Vice Chancellor of Cardiff University
- Incumbent
- Assumed office September 2023
- Preceded by: Colin Riordan

Provost of Victoria University of Wellington
- In office 2015–2023
- Preceded by: Neil Quigley
- Succeeded by: Bryony James

President of the Royal Society of New Zealand
- In office 2018–2021
- Preceded by: Richard Bedford
- Succeeded by: Brent Clothier

Personal details
- Born: 1963 (age 62–63) New Zealand
- Awards: Victoria Medal from the Royal Geographical Society (2018) New Zealand Women of Influence Award (2018)

Academic background
- Alma mater: University of Waikato (BSocSci) University of Canterbury (MA) Carleton University (PhD)
- Thesis: The 'New Zealand experiment': Towards a Poststructuralist Political Economy (1997)

Academic work
- Discipline: Human Geography, Sociology
- Institutions: Cardiff University Victoria University of Wellington University of Bristol University of Auckland University of Waikato
- Main interests: Globalisation, Political economy, Feminism

= Wendy Larner =

New Zealand social scientist and geographer

Wendy Larner is a New Zealand social scientist who has focussed on the interdisciplinary areas of globalisation, governance and gender. She has been Vice-Chancellor and President of Cardiff University since September 2023.

==Career==
Larner has a master's degree from the University of Canterbury, with a thesis titled Migration and female labour: Samoan women in New Zealand . Larner went on to earn a PhD in Sociology and Anthropology from Carleton University in Canada with her thesis titled The 'New Zealand experiment': Towards a post-structuralist political economy.

Larner was Professor of Human Geography and Sociology at the University of Bristol.
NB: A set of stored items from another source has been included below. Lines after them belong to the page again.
text \<open>A run of Algorithm R2N: iterates x, regularisation parameters \<sigma>, Cauchy steps scp,
  tentative steps t (before the safeguard reset) and accepted steps s.\<close>
definition R2N_run ::
  "(real^'n \<Rightarrow> real) \<Rightarrow> (real^'n \<Rightarrow> real^'n) \<Rightarrow> (real^'n \<Rightarrow> ereal)
   \<Rightarrow> (real^'n \<Rightarrow> real^'n^'n) \<Rightarrow> (real^'n \<Rightarrow> real^'n \<Rightarrow> ereal)
   \<Rightarrow> real \<Rightarrow> real \<Rightarrow> real \<Rightarrow> real \<Rightarrow> real \<Rightarrow> real \<Rightarrow> real
   \<Rightarrow> (nat \<Rightarrow> real^'n) \<Rightarrow> (nat \<Rightarrow> real) \<Rightarrow> (nat \<Rightarrow> real^'n) \<Rightarrow> (nat \<Rightarrow> real^'n)
   \<Rightarrow> (nat \<Rightarrow> real^'n) \<Rightarrow> bool" where
  "R2N_run f g h B psi \<theta>1 \<theta>2 \<eta>1 \<eta>2 \<gamma>1 \<gamma>2 \<gamma>3 x \<sigma> scp t s \<longleftrightarrow>
     0 < \<theta>1 \<and> \<theta>1 < 1 \<and> 1 < \<theta>2 \<and> 0 < \<eta>1 \<and> \<eta>1 \<le> \<eta>2 \<and> \<eta>2 < 1 \<and>
     0 < \<gamma>3 \<and> \<gamma>3 \<le> 1 \<and> 1 < \<gamma>1 \<and> \<gamma>1 \<le> \<gamma>2 \<and>
     h (x 0) < \<infinity> \<and> \<sigma> 0 > 0 \<and>
     (\<forall>k. let \<nu> = nu_step \<theta>1 (B (x k)) (\<sigma> k);
              \<rho> = rho f g h B psi (x k) (s k)
          in scp k \<in> P_cp f g psi (x k) \<nu> \<and>
             model f g B psi (x k) (\<sigma> k) (t k) \<le> model f g B psi (x k) (\<sigma> k) (scp k) \<and>
             s k = (if norm (t k) > \<theta>2 * norm (scp k) then scp k else t k) \<and>
             x (Suc k) = (if \<rho> \<ge> ereal \<eta>1 then x k + s k else x k) \<and>
             (\<rho> \<ge> ereal \<eta>2 \<longrightarrow> \<gamma>3 * \<sigma> k \<le> \<sigma> (Suc k) \<and> \<sigma> (Suc k) \<le> \<sigma> k) \<and>
             (ereal \<eta>1 \<le> \<rho> \<and> \<rho> < ereal \<eta>2 \<longrightarrow> \<sigma> k \<le> \<sigma> (Suc k) \<and> \<sigma> (Suc k) \<le> \<gamma>1 * \<sigma> k) \<and>
             (\<rho> < ereal \<eta>1 \<longrightarrow> \<gamma>1 * \<sigma> k \<le> \<sigma> (Suc k) \<and> \<sigma> (Suc k) \<le> \<gamma>2 * \<sigma> k))"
In 2015, she was appointed provost at Victoria University, Wellington, New Zealand.

In September 2023, Larner became Vice-Chancellor and President of Cardiff University.

On 28 January 2025, the university announced plans to cut 400 full-time academic positions at the university (13% of total staff), to abolish the music, nursing, modern languages, ancient history, and religion and theology programmes, and to merge various subjects into larger 'schools'. Larner said that the university needed to address a £31 million budget gap and to secure a viable future. On 4 February, there were protests against the cuts outside the Welsh Senedd and Larner was invited to attend the Senedd's education committee to discuss what led to the proposals, the concerns around them and final plans. In the same month, the Cardiff branch of the UCU voted to hold an all-staff motion of no confidence in Larner. In June 2025, the University Council approved a scaled back plan, described as "painful but necessary" by the University Chancellor, that will save £22 million a year but warned the move will still not completely address the financial challenges the institution faces.

In September 2025, Cardiff University officially inaugurated Cardiff University Kazakhstan in Astana, its first overseas branch campus and the only campus of a Russell Group research university in Central Asia. Professor Larner described the launch as a pivotal step in the institution’s global ambitions and the British Ambassador to Kazakhstan said that the opening will bring more world-class British academic excellence to Kazakh students and further strengthening the ties between the countries.

== Recognition ==
Larner is a Fellow of the Royal Society Te Apārangi, having transferred from an honorary fellowship in 2016, a Fellow of the Academy of Social Sciences (United Kingdom) and a Fellow of the New Zealand Geographical Society. She has been a visiting fellow at universities in Germany, the United States and the United Kingdom. She was awarded the Victoria Medal in 2018 by the Royal Geographical Society. In 2018, Larner was awarded the Innovation and Science award of the Women of Influence awards.

In 2017, Larner was selected as one of the Royal Society Te Apārangi's "150 women in 150 words", celebrating the contributions of women to knowledge in New Zealand. In July 2018 she became the President of the Royal Society Te Apārangi, taking over from Richard Bedford.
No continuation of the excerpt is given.